De carreira meteórica, ultra-concentrada e curtíssima, Jimi construiu uma discografia e um histórico de shows – muitos deles registrados em áudio, somente, ou também em vídeo, ou filme – monumentais, dentro de apenas quatro anos.
De 1967 a 1970, quando morreu, Jimi lançou meros três álbuns de estúdio e um disco ao vivo. E foram, basicamente, esses os sons sobre os quais se criou a reputação de Hendrix: o experimentalismo no estúdio que adicionava à guitarra possibilidades até então impensadas, o psicodelismo elevado à enésima potência, o veneno em riffs eletrizantes turbinados por distorções cheias de marra, o blues elétrico profundo.
E estamos falando aqui somente do Jimi guitarrista, o que nem de longe é pouco.
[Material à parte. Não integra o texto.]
lemma dipath_of_disjoint_dicycles:
  assumes loopless: "\<forall>v. (v, v) \<notin> E"
    and p: "xy_dipath V E x x p" and q: "xy_dipath V E x x q"
    and disj: "inner x x p \<inter> inner x x q = {}"
  shows "\<exists>r. dipath V E r \<and> path_len p \<le> path_len r"
proof -
  obtain c where "p = x # c" using p by (cases p) (auto simp: xy_dipath_def)
  moreover from this have "c \<noteq> []" using p by (auto simp: xy_dipath_def)
  ultimately have c: "p = x # c" "c \<noteq> []" "last c = x" "distinct c"
    using p by (auto simp: xy_dipath_def)
  have "is_walk V E c" using p c is_walk_drop[of V E p 1] by (simp add: xy_dipath_def)
  obtain s d where d: "q = x # s # d" "last (s # d) = x" "distinct (s # d)"
    using q by (cases q rule: remdups_adj.cases) (auto simp: xy_dipath_def)
  have "(x, s) \<in> E" "is_walk V E (s # d)"
    using q d by (auto simp: xy_dipath_def is_walk_Cons_Cons)
  then have "s \<noteq> x" using loopless by auto
  define b where "b = butlast (s # d)"
  have sd: "s # d = b @ [x]"
    using append_butlast_last_id[of "s # d"] d(2) unfolding b_def by (metis list.distinct(1))
  then have b: "b \<noteq> []" "hd b = s" "is_walk V E b" "distinct b" "x \<notin> set b"
    using \<open>s \<noteq> x\<close> \<open>is_walk V E (s # d)\<close> d(3) is_walk_append[of b "[x]"]
    by (cases b; auto)+
  have "set b \<subseteq> inner x x q" "set c - {x} \<subseteq> inner x x p"
    using b(5) sd c(1) d(1) by (auto simp: inner_def)
  then have "set c \<inter> set b = {}" using disj b(5) by blast
  then have "dipath V E (c @ b)"
    using \<open>is_walk V E c\<close> b c \<open>(x, s) \<in> E\<close> is_walk_append[of c b]
    by (simp add: dipath_def)
  moreover have "path_len p \<le> path_len (c @ b)"
    using c(1) b(1) by (cases b) (simp_all add: path_len_def)
  ultimately show ?thesis by blast
qed
(* Let $n,k\in\mathbb{N}$, $\alpha\in(0,\infty)$, and let $\vec{d}=(d_1,\dots,d_n)$ be given. (i) Let $Z_{n,1},\dots,Z_{n,n}$ be IID with $P(Z_{n,j}=d)=\frac{\alpha^{\overline{d}}}{d!}\left(\frac{\alpha}{\alpha+k}\right)^{\alpha}\left(\frac{k}{\alpha+k}\right)^{d}$ for $d=0,1,2,\dots$, and $\vec{Z}_n=(Z_{n,1},\dots,Z_{n,n})$. Then $P(\vec{D}_n^{\alpha}=\vec{d})=P(\vec{Z}_n=\vec{d}\mid Z_{n,1}+\cdots+Z_{n,n}=kn)$. (ii) Let $Y_{n,1},\dots,Y_{n,n}$ be IID Poisson random variables with mean $k$ and $\vec{Y}_n=(Y_{n,1},\dots,Y_{n,n})$. Then $P(\vec{D}_n^{\infty}=\vec{d})=P(\vec{Y}_n=\vec{d}\mid Y_{n,1}+\cdots+Y_{n,n}=kn)$.
   Context: A $k$-out map on $[n]$ is a map $M:[n]\to[n]^k$; the in-degree of vertex $j$ is the total number of coordinates, over all vertices and all $k$ labels, of the images equal to $j$. For $\alpha\in(0,\infty)$, the random $k$-out map $M_{n,k}^{\alpha}$ has law $P(M_{n,k}^{\alpha}=M)=\prod_{j=1}^n \alpha^{\overline{d_j}}/(\alpha n)^{\overline{kn}}$, where $(d_1,\dots,d_n)$ is the in-degree sequence of $M$ and $x^{\overline{y}}=x(x+1)\cdots(x+y-1)$ (it arises from a preferential attachment process where each vertex has initial weight $\alpha$ and each chosen image gains weight $1$). $M_{n,k}^{\infty}$ is the uniformly random $k$-out map on $[n]$. $\vec{D}_n^{\alpha}=(D_{n,1}^{\alpha},\dots,D_{n,n}^{\alpha})$ and $\vec{D}_n^{\infty}$ denote the in-degree sequences of $M_{n,k}^{\alpha}$ and $M_{n,k}^{\infty}$ respectively. *)

theory Defs
  imports "HOL-Analysis.Analysis" "HOL-Library.FuncSet"
begin

text \<open>Vertices are indexed by 0..n-1, labels by 0..k-1.  A k-out map on [n] is
  a function assigning to each (vertex, label) pair an image vertex; extensional
  outside the domain so that the set of k-out maps is finite and in bijection
  with [n] -> [n]^k.\<close>

definition kout_maps :: "nat \<Rightarrow> nat \<Rightarrow> (nat \<times> nat \<Rightarrow> nat) set" where
  "kout_maps n k = ({..<n} \<times> {..<k}) \<rightarrow>\<^sub>E {..<n}"

definition indeg :: "nat \<Rightarrow> nat \<Rightarrow> (nat \<times> nat \<Rightarrow> nat) \<Rightarrow> nat \<Rightarrow> nat" where
  "indeg n k M j = card {p \<in> {..<n} \<times> {..<k}. M p = j}"

definition kout_prob :: "real \<Rightarrow> nat \<Rightarrow> nat \<Rightarrow> (nat \<times> nat \<Rightarrow> nat) \<Rightarrow> real" where
  "kout_prob \<alpha> n k M =
     (\<Prod>j<n. pochhammer \<alpha> (indeg n k M j)) / pochhammer (\<alpha> * real n) (k * n)"

text \<open>P(D_n^alpha = d), where d is read on indices 0..n-1.\<close>
definition prob_indeg_alpha :: "real \<Rightarrow> nat \<Rightarrow> nat \<Rightarrow> (nat \<Rightarrow> nat) \<Rightarrow> real" where
  "prob_indeg_alpha \<alpha> n k d =
     (\<Sum>M \<in> {M \<in> kout_maps n k. \<forall>j<n. indeg n k M j = d j}. kout_prob \<alpha> n k M)"

definition prob_indeg_unif :: "nat \<Rightarrow> nat \<Rightarrow> (nat \<Rightarrow> nat) \<Rightarrow> real" where
  "prob_indeg_unif n k d =
     real (card {M \<in> kout_maps n k. \<forall>j<n. indeg n k M j = d j}) / real (card (kout_maps n k))"

text \<open>The joint pmf of an IID vector is the product of the marginals; the event
  {sum = s} is the finite union over nonnegative integer vectors with sum s
  (each entry then lies in 0..s).\<close>
definition iid_cond_prob :: "(nat \<Rightarrow> real) \<Rightarrow> nat \<Rightarrow> nat \<Rightarrow> (nat \<Rightarrow> nat) \<Rightarrow> real" where
  "iid_cond_prob p n s d =
     (if (\<Sum>j<n. d j) = s then (\<Prod>j<n. p (d j)) else 0) /
     (\<Sum>e \<in> {e \<in> {..<n} \<rightarrow>\<^sub>E {..s}. (\<Sum>j<n. e j) = s}. \<Prod>j<n. p (e j))"

definition Z_pmf :: "real \<Rightarrow> nat \<Rightarrow> nat \<Rightarrow> real" where
  "Z_pmf \<alpha> k d = pochhammer \<alpha> d / fact d * (\<alpha> / (\<alpha> + real k)) powr \<alpha>
                   * (real k / (\<alpha> + real k)) ^ d"

text \<open>Poisson law with mean k (valid also for k = 0: point mass at 0).\<close>
definition Y_pmf :: "nat \<Rightarrow> nat \<Rightarrow> real" where
  "Y_pmf k d = real k ^ d / fact d * exp (- real k)"

end

theory Submission
  imports Defs
begin

text \<open>Under both laws of the random \<open>k\<close>-out map, all maps with in-degree sequence \<open>d\<close> have the
  same probability, and there are \<open>(kn)! / \<Prod>\<^sub>j d\<^sub>j!\<close> of them (a multinomial coefficient), so
  \<open>P(D = d)\<close> is proportional to \<open>\<Prod>\<^sub>j pochhammer \<alpha> d\<^sub>j / d\<^sub>j!\<close>, resp. to \<open>\<Prod>\<^sub>j 1 / d\<^sub>j!\<close>.
  The laws of \<open>Z\<close> and \<open>Y\<close> have the form \<open>c q\<^sup>m p a m / m!\<close> for the binomial-type sequences
  \<open>p = pochhammer\<close> resp. \<open>p a m = a\<^sup>m\<close>. Conditioning on the sum cancels the factors \<open>c q\<^sup>m\<close>, and the
  binomial identity for \<open>p\<close> evaluates the normalising sum over all compositions of \<open>s\<close> into \<open>n\<close>
  parts as \<open>p (n a) s / s!\<close>, which is exactly the normalisation of the in-degree law.\<close>

definition maps_with_fibre_sizes :: "'a set \<Rightarrow> nat \<Rightarrow> (nat \<Rightarrow> nat) \<Rightarrow> ('a \<Rightarrow> nat) set" where
  "maps_with_fibre_sizes A n d = {M \<in> A \<rightarrow>\<^sub>E {..<n}. \<forall>j<n. card {x \<in> A. M x = j} = d j}"

lemma finite_maps_with_fibre_sizes:
  "finite A \<Longrightarrow> finite (maps_with_fibre_sizes A n d)"
  unfolding maps_with_fibre_sizes_def by (rule finite_subset[OF _ finite_PiE[of A "\<lambda>_. {..<n}"]]) auto

lemma sum_card_fibres:
  fixes n :: nat
  assumes "finite A" "M \<in> A \<rightarrow>\<^sub>E {..<n}"
  shows "(\<Sum>j<n. card {x \<in> A. M x = j}) = card A"
proof -
  have "(\<Sum>j<n. \<Sum>x \<in> {x \<in> A. M x = j}. 1::nat) = (\<Sum>x \<in> A. 1)"
    by (rule sum.group) (use assms in auto)
  then show ?thesis by simp
qed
Também nesses discos conheceu-se a capacidade e a versatilidade de Hendrix como compositor – capaz de ir do blues rasgado de “Voodoo Chile (A Slight Return)” ao rock cósmico de “Burning Of The Midnight Lamp” e ao lirismo de “Little Wing” e "Bold As Love”.
No palco, enquanto isso, ele era capaz de ser o showman absoluto, exibido e carismático, com alegria e tesão, disposto a tocar a guitarra com os dentes e a atear fogo a seu instrumento. Embora a genialidade e o sentimento de alguns de seus melhores solos em shows tenham vindo de momentos em que ele estava tocando parado, concentrado. Quer um exemplo? “Machine Gun”, faixa do ao vivo Band of Gypsys, gravado na passagem de ano de 1969 para 1970. É absolutamente extasiante.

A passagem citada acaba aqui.